** Opening Extracted entries block **

(* Let $A$ be a double Poisson algebra and $(M,\{\!\{-,-\}\!\}_M)$ a double Poisson $A$-bimodule, and set $\{-,-\}_M=\mu_M\circ\{\!\{-,-\}\!\}_M:A\times M\to M$. Then $\{-,-\}_M$ induces well-defined maps $A_\natural\times M\to M$ and $A_\natural\times M_\natural\to M_\natural$, where $A_\natural=A/[A,A]$ and $M_\natural=M/[A,M]$.
   Context: $A$ is a unital associative $k$-algebra. A double bracket on $A$ is a bilinear map $\{\!\{-,-\}\!\}:A\times A\to A\otimes A$ with $\{\!\{a,b\}\!\}=-\{\!\{b,a\}\!\}^\circ$ (where $(u\otimes v)^\circ=v\otimes u$) and $\{\!\{a,bc\}\!\}=b\{\!\{a,c\}\!\}+\{\!\{a,b\}\!\}c$ for the outer bimodule structure $b(a_1\otimes a_2)c=ba_1\otimes a_2c$. The inner structure is $b*(a_1\otimes a_2)*c=a_1c\otimes ba_2$. Writing $\{\!\{a,b_1\otimes\cdots\otimes b_n\}\!\}_L=\{\!\{a,b_1\}\!\}\otimes b_2\otimes\cdots\otimes b_n$ and $\sigma_s$ for the permutation of tensor factors $b_1\otimes\cdots\otimes b_n\mapsto b_{s^{-1}(1)}\otimes\cdots\otimes b_{s^{-1}(n)}$, $A$ is a double Poisson algebra if $\{\!\{a,\{\!\{b,c\}\!\}\}\!\}_L+\sigma_{(123)}\{\!\{b,\{\!\{c,a\}\!\}\}\!\}_L+\sigma_{(132)}\{\!\{c,\{\!\{a,b\}\!\}\}\!\}_L=0$. For an $A$-bimodule $M$, a double Poisson bracket on $M$ is a bilinear $\{\!\{-,-\}\!\}_M:A\times M\to(A\otimes M)\oplus(M\otimes A)$ with (i) $\{\!\{a,bm\}\!\}_M=\{\!\{a,b\}\!\}m+b\{\!\{a,m\}\!\}_M$ and $\{\!\{a,mb\}\!\}_M=\{\!\{a,m\}\!\}_Mb+m\{\!\{a,b\}\!\}$, and (ii) $\{\!\{ab,m\}\!\}_M=a*\{\!\{b,m\}\!\}_M+\{\!\{a,m\}\!\}_M*b$ (inner actions). Put $\{\!\{m,b\}\!\}_M=-(\{\!\{b,m\}\!\}_M)^\circ$; if $\{\!\{b,m\}\!\}_M=(b_1\otimes m_1)\oplus(m_2\otimes b_2)$ set $\{\!\{a,\{\!\{b,m\}\!\}_M\}\!\}_L=(\{\!\{a,b_1\}\!\}\otimes m_1)\oplus(\{\!\{a,m_2\}\!\}_M\otimes b_2)$, and $\{\!\{m,\{\!\{a,b\}\!\}\}\!\}_L=\{\!\{m,\{\!\{a,b\}\!\}'\}\!\}_M\otimes\{\!\{a,b\}\!\}''$. $M$ is a double Poisson $A$-bimodule if moreover (iii) $\{\!\{a,\{\!\{b,m\}\!\}_M\}\!\}_L+\sigma_{(123)}\{\!\{b,\{\!\{m,a\}\!\}_M\}\!\}_L+\sigma_{(132)}\{\!\{m,\{\!\{a,b\}\!\}\}\!\}_L=0$. $\mu_M:(A\otimes M)\oplus(M\otimes A)\to M$ is the bimodule action map. *)

theory Defs
  imports Complex_Main "HOL-Library.Poly_Mapping"
begin
lemma parseval: "(\<Sum>S\<in>Pow {1..n}. (fourier n g S)\<^sup>2) = (\<Sum>x\<in>cube n. (g x)\<^sup>2) / 2 ^ n"
proof -
  let ?C = "cube n" and ?P = "Pow {1..n}" and ?\<chi> = "\<lambda>S x. \<Prod>k\<in>S. x k"
  have "(\<Sum>S\<in>?P. (\<Sum>x\<in>?C. g x * ?\<chi> S x) * (\<Sum>y\<in>?C. g y * ?\<chi> S y)) =
        (\<Sum>S\<in>?P. \<Sum>x\<in>?C. \<Sum>y\<in>?C. g x * g y * (?\<chi> S x * ?\<chi> S y))"
    by (simp add: sum_product algebra_simps)
  also have "\<dots> = (\<Sum>x\<in>?C. \<Sum>y\<in>?C. \<Sum>S\<in>?P. g x * g y * (?\<chi> S x * ?\<chi> S y))"
    by (rule trans[OF sum.swap], rule sum.cong[OF refl], rule sum.swap)
  also have "\<dots> = (\<Sum>x\<in>?C. \<Sum>y\<in>?C. g x * g y * (\<Sum>S\<in>?P. ?\<chi> S x * ?\<chi> S y))"
    by (simp add: sum_distrib_left)
  also have "\<dots> = (\<Sum>x\<in>?C. \<Sum>y\<in>?C. if x = y then g x * g y * 2 ^ n else 0)"
    by (intro sum.cong refl) (subst sum_characters_product, auto)
  also have "\<dots> = (\<Sum>x\<in>?C. (g x)\<^sup>2) * 2 ^ n"
    by (simp add: finite_cube power2_eq_square sum_distrib_right)
  finally show ?thesis
    by (simp add: fourier_def power2_eq_square power_divide sum_divide_distrib[symmetric])
qed

lemma fourier_half_difference:
  assumes k: "k \<in> {1..n}" and "finite S"
  shows "fourier n (\<lambda>x. (f x - f (flip k x)) / 2) S = (if k \<in> S then fourier n f S else 0)"
proof -
  have "(\<Sum>x\<in>cube n. f (flip k x) * (\<Prod>j\<in>S. x j)) =
        (\<Sum>x\<in>cube n. f (flip k x) * (\<Prod>j\<in>S. flip k (flip k x) j))"
    by simp
  also have "\<dots> = (\<Sum>y\<in>cube n. f y * (\<Prod>j\<in>S. flip k y j))"
    by (rule sum.reindex_bij_betw[OF bij_betw_flip[OF k]])
  also have "\<dots> = (if k \<in> S then - 1 else 1) * (\<Sum>y\<in>cube n. f y * (\<Prod>j\<in>S. y j))"
    by (simp add: prod_flip[OF \<open>finite S\<close>] sum_negf)
  finally show ?thesis
    by (auto simp: fourier_def sum_subtractf algebra_simps simp flip: sum_divide_distrib)
qed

** Closing Extracted entries block **

Assigned task — Calculate the number of lines above that include the word "refl", giving that number by itself.

Written response — 2